In the restructuring proceedings, the description of the restructuring measures as well as the schedule for their implementation are part of the restructuring plan (the initial characteristics of these measures and the preliminary schedule for their implementation are already part of the initial restructuring plan). There is no doubt that due to the purpose of the restructuring proceedings, these are the key parts of the aforementioned documents. Well thought-out and effectively implemented restructuring measures provide the necessary foundation to rebuild creditors’ confidence, with the final result that they will endorse the arrangement.
Taking into account the current practice of proceedings aimed at restoring the debtor’s liquidity, three basic areas of application of restructuring measures can be distinguished:
- organizational changes in the scope of conducted business activity (in particular core activity) – restructuring measures aimed at optimizing the conducted activity include, inter alia, changing the business profile, changing the portfolio of products offered, reducing the scale of operations, reducing employment, changing and flattening the organizational structure, outsourcing services,
- changes to the debtor’s fixed assets – restructuring measures to reorganize the asset structure include, inter alia, sale of unnecessary assets (in particular not used in core activities), limitation of space used in core activities, limitation of office space (administration), change of the legal form of using the property (rent, lease, leasing),
- changes in the area of long- and short-term financing – restructuring measures aimed at optimizing the debtor’s financing structure include:
- in the long-term perspective – changing the financing structure, in particular increasing the share of equity in the structure of liabilities, obtaining new market financing, possibly obtaining public aid, in particular public aid for restructuring (e.g. granted by Agencja Rozwoju Przemysłu SA, under the so-called New Chance Policy):
- in the short term – optimization of net working capital management, negotiations with contractors in order to extend the liabilities turnover period (obtaining a trade credit and shortening the receivables turnover period, changes in inventory management, short-term investment of surplus cash, monitoring of bad debts, VAT recovery from invoices unpaid by contractors.
It is worth emphasizing that in the remedial proceedings, the implementation of restructuring measures is supported by remedial measures. They facilitate the effective and quick implementation of remedial measures, which directly translates into the effectiveness of the entire restructuring procedure. The remedial measures include: the possibility of withdrawing from a mutual agreement which has not been performed in whole or in part before the date of opening the remedial proceedings, by the administrator, with the consent of the judge-commissioner, facilitation in the field of employment restructuring, the possibility of disposal of property with the effect of an enforcement sale, with the consent of the judge-commissioner.

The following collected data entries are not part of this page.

lemma independent_skew_outer:
  fixes e :: "nat \<Rightarrow> 'a::euclidean_space"
  assumes e: "bij_betw e {..<DIM('a)} Basis"
  defines "P \<equiv> {(k, l). k < l \<and> l < DIM('a)}"
  shows "inj_on (\<lambda>(k, l). skew_outer (e k) (e l)) P"
    and "independent ((\<lambda>(k, l). skew_outer (e k) (e l)) ` P)"
proof -
  have eB: "e a \<in> Basis" if "a < DIM('a)" for a
    using e that unfolding bij_betw_def by auto
  have ee: "e a \<bullet> e b = (if a = b then 1 else 0)" if "a < DIM('a)" "b < DIM('a)" for a b
    using inner_Basis[OF eB eB] inj_on_eq_iff[OF bij_betw_imp_inj_on[OF e]] that by auto
  define \<phi> where "\<phi> p K = K (e (snd p)) \<bullet> e (fst p)" for p and K :: "'a \<Rightarrow>\<^sub>L 'a"
  have "linear (\<phi> p)" for p
    unfolding \<phi>_def by (intro linearI) (simp_all add: blinfun.bilinear_simps inner_add_left)
  moreover have "\<phi> q ((\<lambda>(k, l). skew_outer (e k) (e l)) p) = (if p = q then 1 else 0)"
    if "p \<in> P" "q \<in> P" for p q
    using that unfolding P_def \<phi>_def
    by (auto simp: skew_outer_apply inner_diff_left ee split: if_splits)
  ultimately show "inj_on (\<lambda>(k, l). skew_outer (e k) (e l)) P"
    and "independent ((\<lambda>(k, l). skew_outer (e k) (e l)) ` P)"
    using independent_image_biorthogonal[of P \<phi>] finite_pairs_less unfolding P_def by blast+
qed

section \<open>Fat algebras: derivations and their restriction to the centre\<close>

lemma fat_iff_inner:
  fixes B :: "'v::real_vector \<Rightarrow> 'v \<Rightarrow> 'z::euclidean_space"
  shows "fat B \<longleftrightarrow> (\<forall>l u. l \<noteq> 0 \<longrightarrow> (\<forall>w. l \<bullet> B u w = 0) \<longrightarrow> u = 0)"
proof
  assume fat: "fat B"
  show "\<forall>l u. l \<noteq> 0 \<longrightarrow> (\<forall>w. l \<bullet> B u w = 0) \<longrightarrow> u = 0"
  proof (intro allI impI)
    fix l :: 'z and u
    assume "l \<noteq> 0" and "\<forall>w. l \<bullet> B u w = 0"
    moreover have "linear (\<lambda>x. l \<bullet> x)"
      by (rule bounded_linear.linear[OF bounded_linear_inner_right])
    ultimately show "u = 0" using fat unfolding fat_def by (metis inner_eq_zero_iff)
  qed
next
  assume inner: "\<forall>l u. l \<noteq> 0 \<longrightarrow> (\<forall>w. l \<bullet> B u w = 0) \<longrightarrow> u = 0"
  show "fat B" unfolding fat_def
  proof (intro allI impI)
    fix \<mu> :: "'z \<Rightarrow> real" and u
    assume "linear \<mu> \<and> (\<exists>a. \<mu> a \<noteq> 0)" and "\<forall>w. \<mu> (B u w) = 0"
    moreover have "\<mu> x = x \<bullet> adjoint \<mu> 1" if "linear \<mu>" for x
      using adjoint_clauses(1)[OF that, of x 1] by simp
    ultimately show "u = 0"
      using inner[rule_format, of "adjoint \<mu> 1" u] by (metis inner_commute inner_zero_right)
  qed
qed

lemma span_brackets_eq_UNIV:
  fixes B :: "'v::euclidean_space \<Rightarrow> 'v \<Rightarrow> 'z::euclidean_space"
  assumes "fat B"
  shows "span {B u w | u w. True} = UNIV"
proof (rule ccontr)
  assume "span {B u w | u w. True} \<noteq> UNIV"
  then have "dim {B u w | u w. True} < DIM('z)"
    using dim_eq_full dim_subset_UNIV[of "{B u w | u w. True}"] by (metis le_neq_implies_less)
  then obtain l where l: "l \<noteq> 0" "\<And>y. y \<in> span {B u w | u w. True} \<Longrightarrow> orthogonal l y"
    using orthogonal_to_subspace_exists by blast
  have "\<forall>w. l \<bullet> B u w = 0" for u
    using l(2) span_base[of _ "{B u w | u w. True}"] unfolding orthogonal_def by blast
  then have "u = 0" for u :: 'v
    using assms l(1) unfolding fat_iff_inner by blast
  moreover obtain b :: 'v where "b \<in> Basis" using nonempty_Basis by blast
  ultimately show False using nonzero_Basis by blast
qed

lemma Der_apply_bracket:
  assumes "D \<in> Der B"
  shows "D (0, B u w) = (0, B (fst (D (u, 0))) w + B u (fst (D (w, 0))))"
  using DerD[OF assms, of "(u, 0)" "(w, 0)"] by (simp add: nil_bracket_def)

lemma Der_maps_center:
  fixes B :: "'v::euclidean_space \<Rightarrow> 'v \<Rightarrow> 'z::euclidean_space"
  assumes "fat B" and D: "D \<in> Der B"
  shows "fst (D (0, q)) = 0"
proof -
  have "linear (\<lambda>q. fst (D (0::'v, q)))"
    by (intro bounded_linear.linear bounded_linear_fst_comp
        bounded_linear_compose[OF blinfun.bounded_linear_right] bounded_linear_Pair
        bounded_linear_zero bounded_linear_ident)
  then have "subspace {q. fst (D (0::'v, q)) = 0}"
    by (rule linear_subspace_kernel)
  moreover have "{B u w | u w. True} \<subseteq> {q. fst (D (0::'v, q)) = 0}"
    using Der_apply_bracket[OF D] by auto
  ultimately show ?thesis
    using span_minimal span_brackets_eq_UNIV[OF assms(1)] by blast
qed

definition center_restrict ::
    "(('v::euclidean_space \<times> 'z::euclidean_space) \<Rightarrow>\<^sub>L ('v \<times> 'z)) \<Rightarrow> ('z \<Rightarrow>\<^sub>L 'z)" where
  "center_restrict D = Blinfun (\<lambda>q. snd (D (0, q)))"

lemma center_restrict_apply [simp]: "center_restrict D q = snd (D (0, q))"
  unfolding center_restrict_def
  by (subst bounded_linear_Blinfun_apply)
     (auto intro!: bounded_linear_snd_comp bounded_linear_compose[OF blinfun.bounded_linear_right]
        bounded_linear_Pair bounded_linear_zero bounded_linear_ident)

lemma linear_center_restrict: "linear center_restrict"
  by (rule linearI) (auto intro!: blinfun_eqI simp: blinfun.bilinear_simps)

lemma center_restrict_Der:
  assumes "D \<in> Der B"
  shows "center_restrict D (B u w) = B (fst (D (u, 0))) w + B u (fst (D (w, 0)))"
  using Der_apply_bracket[OF assms] by simp

lemma linear_Der_v_part: "linear (\<lambda>u. fst (blinfun_apply D (u, 0)))"
  by (intro bounded_linear.linear bounded_linear_fst_comp
      bounded_linear_compose[OF blinfun.bounded_linear_right] bounded_linear_Pair
      bounded_linear_zero bounded_linear_ident)

lemma Der0_eq_kernel_center_restrict:
  fixes B :: "'v::euclidean_space \<Rightarrow> 'v \<Rightarrow> 'z::euclidean_space"
  assumes "fat B"
  shows "Der0 B = {D \<in> Der B. center_restrict D = 0}"
proof -
  have "(\<forall>a. D (0, a) = 0) \<longleftrightarrow> center_restrict D = 0" if "D \<in> Der B" for D
  proof
    assume "center_restrict D = 0"
    then have "snd (D (0, a)) = 0" for a
      by (metis center_restrict_apply blinfun.zero_left)
    then show "\<forall>a. D (0, a) = 0"
      using Der_maps_center[OF assms that] by (simp add: prod_eq_iff)
  qed (auto intro: blinfun_eqI)
  then show ?thesis unfolding Der0_def by blast
qed

lemma dim_Aut_quot_eq_dim_center_restrict:
  fixes B :: "'v::euclidean_space \<Rightarrow> 'v \<Rightarrow> 'z::euclidean_space"
  assumes "bilinear B" and "fat B"
  shows "dim_Aut_quot B = real (dim (center_restrict ` Der B))"
proof -
  have "dim (Der B) = dim {D \<in> Der B. center_restrict D = 0} + dim (center_restrict ` Der B)"
    by (rule dim_eq_dim_kernel_add_dim_image[OF finite_independent_blinfun finite_independent_blinfun
          subspace_Der[OF assms(1)] linear_center_restrict])
  then show ?thesis
    unfolding dim_Aut_quot_def lie_alg_Aut_eq_Der[OF assms(1)] lie_alg_Aut0_eq_Der0[OF assms(1)]
      Der0_eq_kernel_center_restrict[OF assms(2)]
    by simp
qed

section \<open>Symmetric restrictions of derivations are scalar\<close>

lemma vector_eq_rdotI: "(\<And>w. x \<bullet> w = y \<bullet> w) \<Longrightarrow> x = y"
  using vector_eq_rdot by blast

definition lin_trace :: "('a::euclidean_space \<Rightarrow> 'a) \<Rightarrow> real" where
  "lin_trace f = (\<Sum>b\<in>Basis. f b \<bullet> b)"

lemma lin_trace_add: "lin_trace (\<lambda>x. f x + g x) = lin_trace f + lin_trace g"
  unfolding lin_trace_def by (simp add: inner_add_left sum.distrib)

lemma lin_trace_scaleR_id: "lin_trace (\<lambda>x. c *\<^sub>R (x::'a::euclidean_space)) = c * DIM('a)"
  unfolding lin_trace_def by simp

lemma lin_trace_adjoint:
  assumes "linear f"
  shows "lin_trace (adjoint f) = lin_trace f"
  unfolding lin_trace_def using adjoint_clauses(2)[OF assms] by (simp add: inner_commute)

lemma lin_trace_comp_commute:
  fixes f g :: "'a::euclidean_space \<Rightarrow> 'a"
  assumes "linear f" "linear g"
  shows "lin_trace (f \<circ> g) = lin_trace (g \<circ> f)"
proof -
  have expand: "h (k b) = (\<Sum>c\<in>Basis. (k b \<bullet> c) *\<^sub>R h c)" if "linear h" for h k :: "'a \<Rightarrow> 'a" and b
    using linear_sum[OF that] linear_scale[OF that]
    by (metis (no_types, lifting) euclidean_representation sum.cong)
  have "lin_trace (f \<circ> g) = (\<Sum>b\<in>Basis. \<Sum>c\<in>Basis. (g b \<bullet> c) * (f c \<bullet> b))"
    unfolding lin_trace_def by (simp add: expand[OF assms(1)] inner_sum_left)
  also have "\<dots> = (\<Sum>c\<in>Basis. \<Sum>b\<in>Basis. (f c \<bullet> b) * (g b \<bullet> c))"
    by (subst sum.swap) (simp add: mult.commute)
  also have "\<dots> = lin_trace (g \<circ> f)"
    unfolding lin_trace_def by (simp add: expand[OF assms(2)] inner_sum_left)
  finally show ?thesis .
qed

lemma bilinear_form_inner_representation:
  fixes \<beta> :: "'a::euclidean_space \<Rightarrow> 'a \<Rightarrow> real"
  assumes "bilinear \<beta>"
  obtains W where "linear W" and "\<And>u w. W u \<bullet> w = \<beta> u w"
proof -
  define W where "W u = (\<Sum>b\<in>Basis. \<beta> u b *\<^sub>R b)" for u
  have l1: "linear (\<beta> u)" and l2: "linear (\<lambda>u. \<beta> u w)" for u w
    using assms unfolding bilinear_def by auto
  have W: "W u \<bullet> w = \<beta> u w" for u w
  proof -
    have "\<beta> u w = \<beta> u (\<Sum>b\<in>Basis. (w \<bullet> b) *\<^sub>R b)" by (simp add: euclidean_representation)
    also have "\<dots> = W u \<bullet> w"
      unfolding W_def by (simp add: linear_sum[OF l1] linear_scale[OF l1] inner_sum_left
          inner_commute[of w] mult.commute)
    finally show ?thesis by simp
  qed
  moreover have "linear W"
    by (rule linearI; rule vector_eq_rdotI)
      (simp_all add: W inner_add_left linear_add[OF l2] linear_scale[OF l2])
  ultimately show ?thesis using that by blast
qed

text \<open>Pairing the derivation identity with an eigenvector \<open>l\<close> of \<open>A\<close> gives
  \<open>\<nu> \<omega>(u,w) = \<omega>(a u,w) + \<omega>(u,a w)\<close> for the form \<open>\<omega>(u,w) = \<langle>l, B u w\<rangle>\<close>, i.e.
  \<open>\<nu> I = a + W\<inverse> a\<^sup>T W\<close> where \<open>W\<close> represents \<open>\<omega>\<close>; \<open>W\<close> is invertible by fatness.\<close>

lemma derivation_eigenvalue_eq_trace:
  fixes B :: "'v::euclidean_space \<Rightarrow> 'v \<Rightarrow> 'z::euclidean_space"
    and A :: "'z \<Rightarrow> 'z" and a :: "'v \<Rightarrow> 'v"
  assumes B: "bilinear B" and fat: "fat B" and a: "linear a"
    and der: "\<And>u w. A (B u w) = B (a u) w + B u (a w)"
    and sym: "\<And>x y. A x \<bullet> y = x \<bullet> A y"
    and l: "l \<noteq> 0" and eig: "A l = \<nu> *\<^sub>R l"
  shows "\<nu> * DIM('v) = 2 * lin_trace a"
proof -
  have "bilinear (\<lambda>u w. l \<bullet> B u w)"
    using B unfolding bilinear_def
    by (auto intro!: linear_compose[unfolded o_def,
          OF _ bounded_linear.linear[OF bounded_linear_inner_right]])
  then obtain W where W: "linear W" and W_inner: "\<And>u w. W u \<bullet> w = l \<bullet> B u w"
    by (rule bilinear_form_inner_representation) blast
  have "inj W"
    unfolding linear_inj_iff_eq_0[OF W]
    using fat l W_inner unfolding fat_iff_inner by (metis inner_zero_left)
  then obtain g where g: "linear g" and gW: "\<And>u. g (W u) = u" and Wg: "\<And>x. W (g x) = x"
    using linear_injective_isomorphism[OF W] by auto
  have key: "\<nu> *\<^sub>R W u = W (a u) + adjoint a (W u)" for u
  proof (rule vector_eq_rdotI)
    fix w
    have "\<nu> *\<^sub>R W u \<bullet> w = A l \<bullet> B u w" by (simp add: eig W_inner)
    also have "\<dots> = l \<bullet> (B (a u) w + B u (a w))" by (simp add: sym der)
    also have "\<dots> = (W (a u) + adjoint a (W u)) \<bullet> w"
      by (simp add: inner_add_left inner_add_right W_inner adjoint_clauses(2)[OF a])
    finally show "\<nu> *\<^sub>R W u \<bullet> w = (W (a u) + adjoint a (W u)) \<bullet> w" .
  qed
  have "\<nu> *\<^sub>R u = a u + (g \<circ> (adjoint a \<circ> W)) u" for u
    using arg_cong[of _ _ g, OF key[of u]] by (simp add: linear_add[OF g] linear_scale[OF g] gW)
  then have "(\<lambda>u. \<nu> *\<^sub>R u) = (\<lambda>u. a u + (g \<circ> (adjoint a \<circ> W)) u)" by simp
  then have "\<nu> * DIM('v) = lin_trace a + lin_trace (g \<circ> (adjoint a \<circ> W))"
    by (metis lin_trace_add lin_trace_scaleR_id)
  also have "lin_trace (g \<circ> (adjoint a \<circ> W)) = lin_trace ((adjoint a \<circ> W) \<circ> g)"
    by (rule lin_trace_comp_commute[OF g linear_compose[OF W adjoint_linear[OF a]]])
  also have "(adjoint a \<circ> W) \<circ> g = adjoint a" by (simp add: fun_eq_iff Wg)
  finally show ?thesis using lin_trace_adjoint[OF a] by simp
qed

lemma linear_coeff_eq_0_if_quadratic_nonneg:
  fixes c d :: real
  assumes "d \<ge> 0" and "\<And>t. 2 * t * c + t\<^sup>2 * d \<ge> 0"
  shows "c = 0"
proof (cases "d = 0")
  case True
  then show ?thesis using assms(2)[of "-1"] assms(2)[of 1] by simp
next
  case False
  then have "d > 0" using assms(1) by simp
  moreover have "2 * (-c/d) * c + (-c/d)\<^sup>2 * d = - (c\<^sup>2 / d)"
    using \<open>d > 0\<close> by (simp add: power2_eq_square field_simps)
  ultimately show ?thesis
    using assms(2)[of "-c/d"] by (smt (verit) divide_pos_pos zero_less_power2)
qed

Of course, one of the main goals of entrepreneurs entering the restructuring process is the planned debt restructuring, which in practice is implemented by voting of creditors on the submitted arrangement proposals, providing for deferred payment dates or partial forgiveness of liabilities. In the case of profitable companies, the problems of which are not structural in nature, restructuring is often limited to the restructuring of liabilities.